Overlaid are Alberta’s seven grizzly bear management areas (BMAs). BMAs with stable or increasing grizzly bear populations are denoted by black hatched fill. Map by A. Morehouse.

https://doi.org/10.1371/journal.pone.0269407.g001

Harvest estimates

We obtained data on estimated elk harvests from 1995–2020 from AEP [26]. All estimates were based on hunter responses to harvest surveys that were delivered post-harvest to people who bought a hunting license, although survey methods varied among years. From 1995 to the early 2000s surveys were delivered to hunters by post or by telephone. In the mid to late 2000s, AEP shifted to a combination of email and mail-in surveys that have persisted past 2017. No harvest estimates were available prior to 1995. Hunters were encouraged, but not required, to complete post-harvest surveys resulting in a degree of non-response. AEP has accounted for this non-response by using data from hunters who did respond and extrapolating to the remaining hunter population. This assumes that the proportion of harvest success among hunters who responded is the same as those who did not respond and that the surveys are representative of Alberta’s actual hunter harvest and success. Even if a bias exists because of this assumption so long as it remained roughly equivalent over time the assumption would have little consequence to our analysis. Harvest surveys also were used to obtain a record of the number of days that each hunter spent hunting. Surveys also provided data on whether the hunt was successful or not, and if the hunt was successful, data were collected on the class of animal harvested (e.g., bull, cow, or juvenile).

Trend estimates

We digitized the history of hunting regulations 1970–2020 for each WMU, as well as beginning and end dates for each harvest season. We compiled the estimated elk harvest and hunter success for each WMU from the harvest surveys between 1995–2020 [26] to link elk harvested with the respective general and limited-quota regulations. Lastly, we applied the respective Zone designation (1–5) to each WMU.

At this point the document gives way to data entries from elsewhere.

definition K20_red :: "nat \<Rightarrow> nat \<Rightarrow> bool" where
  "K20_red u v \<longleftrightarrow> u < 20 \<and> v < 20 \<and> v \<in> set (K20_red_nbhds ! u)"

lemma K20_red_checks:
  "\<forall>(u, Nu)\<in>set (zip [0..<20] K20_red_nbhds). \<forall>(v, Nv)\<in>set (zip [0..<20] K20_red_nbhds).
     (v \<in> set Nu \<longleftrightarrow> u \<in> set Nv) \<and> u \<notin> set Nu \<and>
     (v \<in> set Nu \<longrightarrow> length (filter (\<lambda>w. w \<in> set Nu \<and> w \<in> set Nv) [0..<20]) \<le> 1) \<and>
     (u \<noteq> v \<and> v \<notin> set Nu \<longrightarrow>
        length (filter (\<lambda>w. w \<noteq> u \<and> w \<noteq> v \<and> w \<notin> set Nu \<and> w \<notin> set Nv) [0..<20]) \<le> 7)"
  by code_simp

lemma B2_B8_colouring_K20: "B2_B8_colouring {0..<20} K20_red"
proof -
  have "length K20_red_nbhds = 20" by (simp add: K20_red_nbhds_def)
  then have row: "(x, K20_red_nbhds ! x) \<in> set (zip [0..<20] K20_red_nbhds)" if "x < 20" for x
    using that by (force simp: set_zip)
  show ?thesis
  proof
    fix u v :: nat
    show "K20_red u v \<Longrightarrow> K20_red v u"
      using bspec[OF bspec[OF K20_red_checks row[of u], unfolded prod.case] row[of v]]
      by (auto simp: K20_red_def)
    show "\<not> K20_red u u"
      using bspec[OF bspec[OF K20_red_checks row[of u], unfolded prod.case] row[of u]]
      by (auto simp: K20_red_def)
    assume "u \<in> {0..<20}" "v \<in> {0..<20}"
    then have uv: "u < 20" "v < 20" by auto
    note checks = bspec[OF bspec[OF K20_red_checks row[OF uv(1)], unfolded prod.case] row[OF uv(2)],
        unfolded prod.case]
    have "{w\<in>{0..<20}. K20_red u w \<and> K20_red v w} =
        {w\<in>{0..<20}. w \<in> set (K20_red_nbhds ! u) \<and> w \<in> set (K20_red_nbhds ! v)}"
      "{w\<in>{0..<20}. w \<noteq> u \<and> w \<noteq> v \<and> \<not> K20_red u w \<and> \<not> K20_red v w} =
        {w\<in>{0..<20}. w \<noteq> u \<and> w \<noteq> v \<and> w \<notin> set (K20_red_nbhds ! u) \<and> w \<notin> set (K20_red_nbhds ! v)}"
      using uv by (auto simp: K20_red_def)
    moreover have "K20_red u v \<longleftrightarrow> v \<in> set (K20_red_nbhds ! u)"
      using uv by (simp add: K20_red_def)
    ultimately show "K20_red u v \<Longrightarrow> card {w\<in>{0..<20}. K20_red u w \<and> K20_red v w} \<le> 1"
      "u \<noteq> v \<Longrightarrow> \<not> K20_red u v \<Longrightarrow>
        card {w\<in>{0..<20}. w \<noteq> u \<and> w \<noteq> v \<and> \<not> K20_red u w \<and> \<not> K20_red v w} \<le> 7"
      using checks by (simp_all only: card_filter_atLeastLessThan) blast+
  qed simp
qed

theorem mainTheorem4:
  shows "ramsey_number (book 2) (book 8) = 21"
proof -
  have "ramsey_prop (book 2) (book 8) 21"
    using not_ramsey_prop_book_2_8_iff B2_B8_colouring.card_V_neq_21 by fastforce
  moreover have "\<not> ramsey_prop (book 2) (book 8) 20"
    using not_ramsey_prop_book_2_8_iff B2_B8_colouring_K20 by blast
  ultimately show ?thesis
    using ramsey_number_eqI[of "book 2" "book 8" 20] by simp
qed

end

We used linear regression of harvest vs time to estimate trends in harvest and Spearman rank to assess trend in hunter harvest and success across time for both general and limited-quota harvests. Trends for individual WMUs would be temporally autocorrelated for each of these relations, thus we used a method similar to route regression [31, 32], where replication within a zone was obtained by an analysis of slopes by WMU. Average slopes can then be compared to an expectation of no change, i.e., zero slope, or comparisons can be made using a t-test [31].

Results

Large carnivore abundance

Mortality data for cougars clearly demonstrate range expansion in Alberta out of the mountains and into other natural regions [12] and strongly suggest that populations have increased after 1970 when systematic persecution had reduced cougars to low levels.

Similarly, mortality data for wolves indicate a population increase between 1995 and 2006 [13], following total extirpation in southern Alberta for rabies control in the 1950s when >4,200 wolves were killed mostly with toxicants [33]. After 30 years without wolves, they returned to Banff National Park in 1985 and quickly recolonized the Rocky Mountains into Montana [13, 33].

Although mortality trends suggest an increase, the extent to which cougar and wolf populations grew during 1995–2016 is difficult to determine and we caution that human-caused mortality data also might change due to increased harvest effort [12, 13]. In the case of cougars, substantial increases in combined hunting and non-hunting sources of human-caused mortality despite declining harvest quotas during 2000–2010 [12] strongly indicate cougar population growth during the period over which we monitored elk harvest. Although we were able to infer an increase in populations of cougars and wolves during the period of our study, the magnitude of increase could not be estimated.

In 2000, the estimated provincial grizzly bear population (excluding bears in national parks) was estimated to be 841 [28]. Biologists estimated between 175 and 185 bears in Alberta’s national parks, bringing the total 2000 provincial estimate to between 1,016 and 1026 grizzly bears [28]. This number represented an increasing provincial trend since the late 1980s [28]. The next provincial estimate was released in 2010 and was based on a series of DNA-based population inventories [29]. The 2010 grizzly bear status assessment estimated 691 grizzly bears in Alberta plus additional bears in portions of Banff and Jasper National Parks [29]. The most current DNA-based provincial estimates were released in early 2021 and indicate there are >750 grizzly bears outside national parks in Alberta [30]. Provincial estimates indicate a stable or increasing population trend [30]. In particular, between 2008 and 2018 Bear Management Areas (BMAs) 3 and 4 have had large increases in grizzly bear abundance–annual population rate of increase of 7% and 6% respectively [34, 50]. These BMAs are largely in the Mountain Zone 4 WMUs.

Regulations

Before 1973, regulations in Alberta allowed harvest of both antlered and antlerless elk during general seasons [35]. Between 1973 and 1987 the first antler point-based system, a 5-point antler minimum general season, was introduced and was replaced in 1988 with either a 6-point or a 3-point resident/6-point nonresident general season. Over the next few years, all WMUs independently lost the resident and nonresident general harvest designations and all WMUs with general seasons had 6-point or 3-point APRs. To limit the female elk harvest in 1975, the antlerless general season became either an archery-only general season or a limited-quota season and has remained that way since.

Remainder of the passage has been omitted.